I am sitting in a rooftop terrace garden sipping coffee. The morning breeze cool, gentle. In a distance I can see the St. Sebastian Chapel amid the swaying palms trees. Strains of Alyssa Mendonsa’s soothing Khwabon Ke Parindey fill the air followed by an Enya track.
I’m sitting here drinking coffee just how I like it, listening to music I would’ve generally put on my ipod for, stretching out the knots in my neck and watching it all flown away by this gorgeous Goan morning. Coming to Goa wasn’t planned. Never was on ‘the list’ actually. But when I arrived from Kathmandu to leisurely spend 10 days in Mumbai, I hadn’t anticipated how expensive Mumbai is. Budget-wise 1 day in Mumbai was equal to 5 days in the rest of India! So after 3 nights, I hastily made my way out of the there. Goa only an 1 hour away by flight was expensive as well. Getting off and trying to find accommodation added up. The airport is a good 45-minutes away from most places. Goa (which also is a state on its own – I didn’t know) can be generally divided into 2 areas; North and South Goa and with many small towns along the coast with their own little charms so it can be a difficult to pick up one if you just rock up like me!
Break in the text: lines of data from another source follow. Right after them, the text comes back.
lemma nn_integral_kernel_log_tail_affine:
  assumes "w > 0"
  shows "(\<integral>\<^sup>+s. ennreal (\<bar>K (exp (w * s - c))\<bar> * indicator {s. R \<le> \<bar>s\<bar>} (w * s - c)) \<partial>lborel)
    = ennreal (1 / w) * kernel_log_tail K R"
proof -
  have "kernel_log_tail K R
      = ennreal w * (\<integral>\<^sup>+s. ennreal (\<bar>K (exp (w * s - c))\<bar> * indicator {s. R \<le> \<bar>s\<bar>} (w * s - c)) \<partial>lborel)"
    unfolding kernel_log_tail_def using assms
    by (subst nn_integral_real_affine[where c = w and t = "- c"]) auto
  then have "ennreal (1 / w) * kernel_log_tail K R
      = (ennreal (1 / w) * ennreal w) * (\<integral>\<^sup>+s. ennreal (\<bar>K (exp (w * s - c))\<bar> * indicator {s. R \<le> \<bar>s\<bar>} (w * s - c)) \<partial>lborel)"
    by (simp only: mult.assoc)
  also have "ennreal (1 / w) * ennreal w = 1"
    using assms by (simp add: ennreal_mult[symmetric] del: ennreal_mult')
  finally show ?thesis by simp
qed

lemma nn_integral_window_tail_le:
  assumes "w \<ge> 1" "0 < a" "a \<le> b"
  shows "(\<integral>\<^sup>+s. (\<Sum>k\<in>window a b r w. ennreal (\<bar>K (exp (w * s - k))\<bar> * indicator {s. R \<le> \<bar>s\<bar>} (w * s - k))) \<partial>lborel)
    \<le> ennreal (ln b - ln a + r + 1) * kernel_log_tail K R"
proof -
  have "(\<integral>\<^sup>+s. (\<Sum>k\<in>window a b r w. ennreal (\<bar>K (exp (w * s - k))\<bar> * indicator {s. R \<le> \<bar>s\<bar>} (w * s - k))) \<partial>lborel)
      = (\<Sum>k\<in>window a b r w. ennreal (1 / w) * kernel_log_tail K R)"
    using assms(1) by (subst nn_integral_sum) (auto simp: nn_integral_kernel_log_tail_affine)
  also have "\<dots> = ennreal (real (card (window a b r w))) * (ennreal (1 / w) * kernel_log_tail K R)"
    by (simp add: ennreal_of_nat_eq_real_of_nat)
  also have "\<dots> = ennreal (real (card (window a b r w)) * (1 / w)) * kernel_log_tail K R"
    by (simp only: ennreal_mult'[OF of_nat_0_le_iff] mult.assoc)
  also have "\<dots> = ennreal (real (card (window a b r w)) / w) * kernel_log_tail K R"
    by simp
  also have "\<dots> \<le> ennreal (ln b - ln a + r + 1) * kernel_log_tail K R"
    using card_window_le[OF assms, of r] assms(1)
    by (intro mult_right_mono ennreal_leI) (auto simp: field_simps)
  finally show ?thesis .
qed
lemma has_real_derivative_along_line:
  fixes h :: "'a::real_normed_vector \<Rightarrow> real"
  assumes "(h has_derivative h') (at u)"
  shows "((\<lambda>t. h (u + t *\<^sub>R w)) has_real_derivative h' w) (at 0)"
proof -
  have "((\<lambda>t::real. u + t *\<^sub>R w) has_derivative (\<lambda>t. t *\<^sub>R w)) (at 0)"
    by (auto intro!: derivative_eq_intros)
  from has_derivative_compose[OF this] assms
  have "((\<lambda>t. h (u + t *\<^sub>R w)) has_derivative (\<lambda>t. h' (t *\<^sub>R w))) (at 0)"
    by simp
  moreover have "(\<lambda>t. h' (t *\<^sub>R w)) = (*) (h' w)"
    using linear_cmul[OF has_derivative_linear[OF assms]] by (auto simp: mult.commute)
  ultimately show ?thesis
    by (simp add: has_field_derivative_def)
qed

lemma has_derivative_partial_snd:
  assumes "((\<lambda>(u, v). F u v) has_derivative D) (at (x, y))"
  shows "(F x has_derivative (\<lambda>k. D (0, k))) (at y)"
proof -
  have "((\<lambda>k. (x, k)) has_derivative (\<lambda>k. (0, k))) (at y)"
    by (auto intro!: derivative_eq_intros)
  from has_derivative_compose[OF this assms] show ?thesis
    by simp
qed

lemma lipschitz_on_UNIV_derivative_le:
  fixes F :: "'a::real_normed_vector \<Rightarrow> 'b::real_inner"
  assumes d: "(F has_derivative D) (at p)" and lip: "L-lipschitz_on UNIV F"
  shows "norm (D w) \<le> L * norm w"
proof -
  have "((\<lambda>q. F q \<bullet> D w) has_derivative (\<lambda>q. D q \<bullet> D w)) (at p)"
    using d by (auto intro!: derivative_eq_intros)
  then have "((\<lambda>t. F (p + t *\<^sub>R w) \<bullet> D w) has_real_derivative D w \<bullet> D w) (at 0)"
    by (rule has_real_derivative_along_line)
  then have "D w \<bullet> D w \<le> L * norm w * norm (D w)"
  proof (rule has_real_derivative_le_of_difference_le)
    fix t :: real assume t: "0 < t" "t < 1"
    have "F (p + t *\<^sub>R w) \<bullet> D w - F (p + 0 *\<^sub>R w) \<bullet> D w
        = (F (p + t *\<^sub>R w) - F p) \<bullet> D w"
      by (simp add: inner_diff_left)
    also have "\<dots> \<le> norm (F (p + t *\<^sub>R w) - F p) * norm (D w)"
      by (rule norm_cauchy_schwarz)
    also have "\<dots> \<le> L * norm (t *\<^sub>R w) * norm (D w)"
      using lipschitz_onD[OF lip, of "p + t *\<^sub>R w" p] by (simp add: dist_norm mult_right_mono)
    also have "\<dots> = t * (L * norm w * norm (D w))"
      using t by simp
    finally show "F (p + t *\<^sub>R w) \<bullet> D w - F (p + 0 *\<^sub>R w) \<bullet> D w
        \<le> t * (L * norm w * norm (D w))" .
  qed simp
  then have "norm (D w) * norm (D w) \<le> (L * norm w) * norm (D w)"
    by (simp add: dot_square_norm power2_eq_square)
  then show ?thesis
    by (cases "D w = 0") (use lipschitz_on_nonneg[OF lip] in auto)
qed

lemma strongly_concave_onD:
  assumes "strongly_concave_on \<mu> UNIV g" "0 \<le> t" "t \<le> 1"
  shows "t * g u + (1 - t) * g v + \<mu> / 2 * t * (1 - t) * (norm (u - v))\<^sup>2
           \<le> g (t *\<^sub>R u + (1 - t) *\<^sub>R v)"
  using assms unfolding strongly_concave_on_def by blast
It was well into the evening when I found this charming little guesthouse. With all that slept off and digging into this delicious crispy Portuguese bread with cheese, butter and honey, it seems like Goa was a good bet.
I am not alone on the terrace having breakfast but 3 other women as well. All of us traveling solo. A German b’n’b owner from France, a Greek retired lady from Canada and an English, English teacher from Scotland. See how small the world became in 2 minutes? 🙂 Chairs were dragged to a common table, stories were swapped, laughs went around in the intimate way only when women get together! But things came to standstill when I revealed I was from Fiji. Almost spluttering her coffee, the Greek woman exclaimed, “Fijiiiiiii??? What are you doing here?”
Till I had come to Goa, I had the same sentiments. Why bother going to Goa when I live in Fiji? Hands down we have better beaches. And that’s precisely the reason, Goa was never on the list. However as I would discover in the coming days, Goa is just not about beaches.
And here are 5 reasons why a Fijian traveler should never bypass Goa!
The Latin Quarter of Panaji
Bairro das Fontainhas or simply Fontainhas is a piece of Europe in India. Once ruled by the Portuguese, Goa still retains its latin heritage. The winding streets, mediterranean architecture and the diluted strains of Portuguese accent makes Fontainhas a pleasure to plotter around and peep into the Goan lifestyle.
Goa compared to the rest of India is much cleaner with better sanitary hygiene.
The Indian travel expression ‘all templed-out’ does not apply in Goa. You’re more likely to be all ‘churched-out’! A 30 minute Rs.10 local bus ride from Panaji bus station takes you to Old Goa where time still sighs about the old days.
Beautiful churches, museums and cobbled streets speak in hushed whispers telling stories way back to the 18th century.
The Goan Food
Yess…I know we have some good seafood (by the way, it’s nitali (whitebait) season in Fiji and I’m quite overdosed on it!) but Goan cuisine is pretty awesome. With Portuguese flavors overlapping Indian style dishes, I pretty much planned my days around a good curry and couple of Kingfishers (new favorite brew!)
Of-course we do some pretty mean fried-fish in Fiji but rawa-coated (semolina) fish brings it to a new level! Suruj is adamant to try it the next time she fries fish. (Yeah, I get my competitive streak from her)
Goan History & Art Culture
I happened to be in Goa when the #GoaPhoto exhibition was on and I was mind-blown! While it also featured international work, it introduced me to some stunning local photographers.
Boutique art galleries are scattered all over Goa especially in Panjim. Also a well maintained fort, Reis Magos (not connected by public transport) in Bardez overlooking the Mandovi river has some old exhibits in the lower chambers.
In Panajim CBD tucked right adjacent to the Immaculate Conception Church is a TOI bookshop. Hours can be spent inhaling the smell of fresh print in the little gem of a place!
Still in India Though!
Writing this post almost made me forget that I was still writing about India! And while it’s easy to forget you are in India when in Goa, you can’t completely escape it. After Cambodia, some 5 weeks later traveling from Rangoon to Kathmandu, I had pulled up a pair of shorts for the first time, so Goa is quite liberal.
Most conversations even with bus conductors are in English so Goa is really travel friendly but if you still want something desi, there’s always a nimbo-pani cart around the corner!
….and the beaches?
Nope. Definitely not as good as the ones in Fiji!